Diophantine equation $1 + \sum_{j=1}^{n-1}\left(j \prod_{k=1}^j x_k\right) = \prod_{j=1}^n x_j$

Question

What are the positive solutions $(x_1,x_2,\ldots,x_n)$ for the Diophantine equation:

$$1 + \sum_{j=1}^{n-1}\left(j \prod_{k=1}^j x_k\right) = \prod_{j=1}^n x_j$$

Answer 1

It seems the following.

It can be easily checked by induction, that the equation has a simple solution $x_k=k$.

I investigated the equation for small values of $n$. It seems that its solutions can be obtained when we consequently consider admissible by divisibility values for $x_1,\dots,x_{n-1}$, branching our consideration. For instance, by this way we obtain

$n=1$. $1=x_1$

So $x_1=1$.

Solutions:

• $(1)$

$n=2$. $1+x_1=x_1x_2$.

So $x_1|1$ and $x_1=1$, $x_2=2$.

Solutions:

• $(1,2)$

$n=3$. $1+x_1+2x_1x_2=x_1x_2x_3$.

So $x_1|1$ and $x_1=1$. Then $2+2x_2=x_2x_3$.

So $x_2|2$ and $x_2=1$ or $x_2=2$.

Suppose that $x_2=1$. Then $x_3=4$.

Suppose that $x_2=2$. Then $x_3=3$.

Solutions:

• $(1,1,4)$
• $(1,2,3)$

$n=4$. $1+x_1+2x_1x_2+3x_1x_2x_3=x_1x_2x_3x_4$.

So $x_1|1$ and $x_1=1$. Then $2+2x_2+3x_2x_3=x_2x_3x_4$.

So $x_2|2$ and $x_2=1$ or $x_2=2$.

Suppose that $x_2=1$. Then $4+3x_3=x_3x_4$.

So $x_3|4$ and $x_3=1$ or $x_3=2$ or $x_3=4$.

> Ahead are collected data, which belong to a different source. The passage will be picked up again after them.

lemma maximal_free_unimodular_image:
  assumes T: "unimodular_map A T" and K: "maximal_free A Delta2 K"
  shows "maximal_free A Delta2 (T ` K)"
  unfolding maximal_free_def
proof (intro conjI allI impI)
  obtain S where S: "unimodular_map A S" "\<And>x. S (T x) = x" "\<And>x. T (S x) = x"
    using unimodular_map_inverse[OF T] by metis
  have K_props: "closed K" "convex K" "free A Delta2 K"
    using K unfolding maximal_free_def by blast+
  then show "closed (T ` K)" "convex (T ` K)" "free A Delta2 (T ` K)"
    by (simp_all add: closed_unimodular_image[OF T] convex_unimodular_image[OF T]
        free_unimodular_image[OF T])
  fix K' assume K': "closed K' \<and> convex K' \<and> free A Delta2 K' \<and> T ` K \<subseteq> K'"
  have "S ` T ` K \<subseteq> S ` K'"
    using K' by blast
  then have "K \<subseteq> S ` K'"
    by (simp add: image_image S(2))
  moreover have "closed (S ` K')" "convex (S ` K')" "free A Delta2 (S ` K')"
    using K' by (simp_all add: closed_unimodular_image[OF S(1)] convex_unimodular_image[OF S(1)]
        free_unimodular_image[OF S(1)])
  ultimately have "S ` K' = K"
    using K unfolding maximal_free_def by blast
  then have "T ` S ` K' = T ` K"
    by simp
  then show "K' = T ` K"
    by (simp add: image_image S(3))
qed

end

section \<open>Recession and lineality directions\<close>

definition recession_direction :: "'a::real_vector \<Rightarrow> 'a set \<Rightarrow> bool" where
  "recession_direction d C \<longleftrightarrow> (\<forall>x\<in>C. \<forall>t\<ge>0. x + t *\<^sub>R d \<in> C)"

definition lineality_direction :: "'a::real_vector \<Rightarrow> 'a set \<Rightarrow> bool" where
  "lineality_direction d C \<longleftrightarrow> (\<forall>x\<in>C. \<forall>t. x + t *\<^sub>R d \<in> C)"

lemma lineality_direction_iff:
  "lineality_direction d C \<longleftrightarrow> recession_direction d C \<and> recession_direction (- d) C"
proof
  assume "recession_direction d C \<and> recession_direction (- d) C"
  then have "x + t *\<^sub>R d \<in> C" if "x \<in> C" for x t
    using that unfolding recession_direction_def
    by (cases "t \<ge> 0") (auto dest!: bspec[of _ _ x] dest: spec[of _ "- t"])
  then show "lineality_direction d C"
    unfolding lineality_direction_def by blast
next
  assume "lineality_direction d C"
  then show "recession_direction d C \<and> recession_direction (- d) C"
    unfolding lineality_direction_def recession_direction_def
    by (metis scaleR_minus_left scaleR_minus_right)
qed

lemma lineality_direction_scaleR:
  "lineality_direction d C \<Longrightarrow> lineality_direction (c *\<^sub>R d) C"
  unfolding lineality_direction_def by simp

lemma convex_mem_towards:
  "convex C \<Longrightarrow> x \<in> C \<Longrightarrow> y \<in> C \<Longrightarrow> 0 \<le> u \<Longrightarrow> u \<le> 1 \<Longrightarrow> x + u *\<^sub>R (y - x) \<in> C"
  using convexD[of C x y "1 - u" u] by (simp add: algebra_simps)

lemma recession_direction_closed_convex:
  fixes C :: "'a::real_normed_vector set"
  assumes C: "closed C" "convex C" and x0: "x0 \<in> C" and ray: "\<And>t. 0 \<le> t \<Longrightarrow> x0 + t *\<^sub>R d \<in> C"
  shows "recession_direction d C"
  unfolding recession_direction_def
proof (intro ballI allI impI)
  fix x t assume x: "x \<in> C" and t: "0 \<le> (t::real)"
  define y where "y n = x + inverse (real (Suc n)) *\<^sub>R ((x0 + (real (Suc n) * t) *\<^sub>R d) - x)" for n
  have "y n \<in> C" for n
    unfolding y_def by (rule convex_mem_towards[OF C(2) x ray]) (use t in \<open>auto simp: inverse_le_1_iff\<close>)
  moreover have "y n = (x + t *\<^sub>R d) + inverse (real (Suc n)) *\<^sub>R (x0 - x)" for n
  proof -
    have "inverse (real (Suc n)) * (real (Suc n) * t) = t"
      by simp
    then show ?thesis
      unfolding y_def by (simp add: algebra_simps del: of_nat_Suc)
  qed
  moreover have "(\<lambda>n. (x + t *\<^sub>R d) + inverse (real (Suc n)) *\<^sub>R (x0 - x)) \<longlonglongrightarrow> x + t *\<^sub>R d"
    using tendsto_add[OF tendsto_const tendsto_scaleR[OF LIMSEQ_inverse_real_of_nat tendsto_const]]
    by simp
  ultimately show "x + t *\<^sub>R d \<in> C"
    using closed_sequentially[OF C(1)] by metis
qed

Suppose that $x_3=1$. Then $x_4=7$.

Suppose that $x_3=2$. Then $x_4=5$.

Suppose that $x_3=4$. Then $x_4=4$.

Suppose that $x_2=2$. Then $3+3x_3=x_3x_4$.

So $x_3|3$ and $x_3=1$ or $x_3=3$.

Suppose that $x_3=1$. Then $x_4=6$.

Suppose that $x_3=3$. Then $x_4=4$.

Solutions:

• $(1,1,1,7)$
• $(1,1,2,5)$
• $(1,1,4,4)$
• $(1,2,1,3)$
• $(1,2,3,4)$

One may write a program which continues this consideration for larger $n$.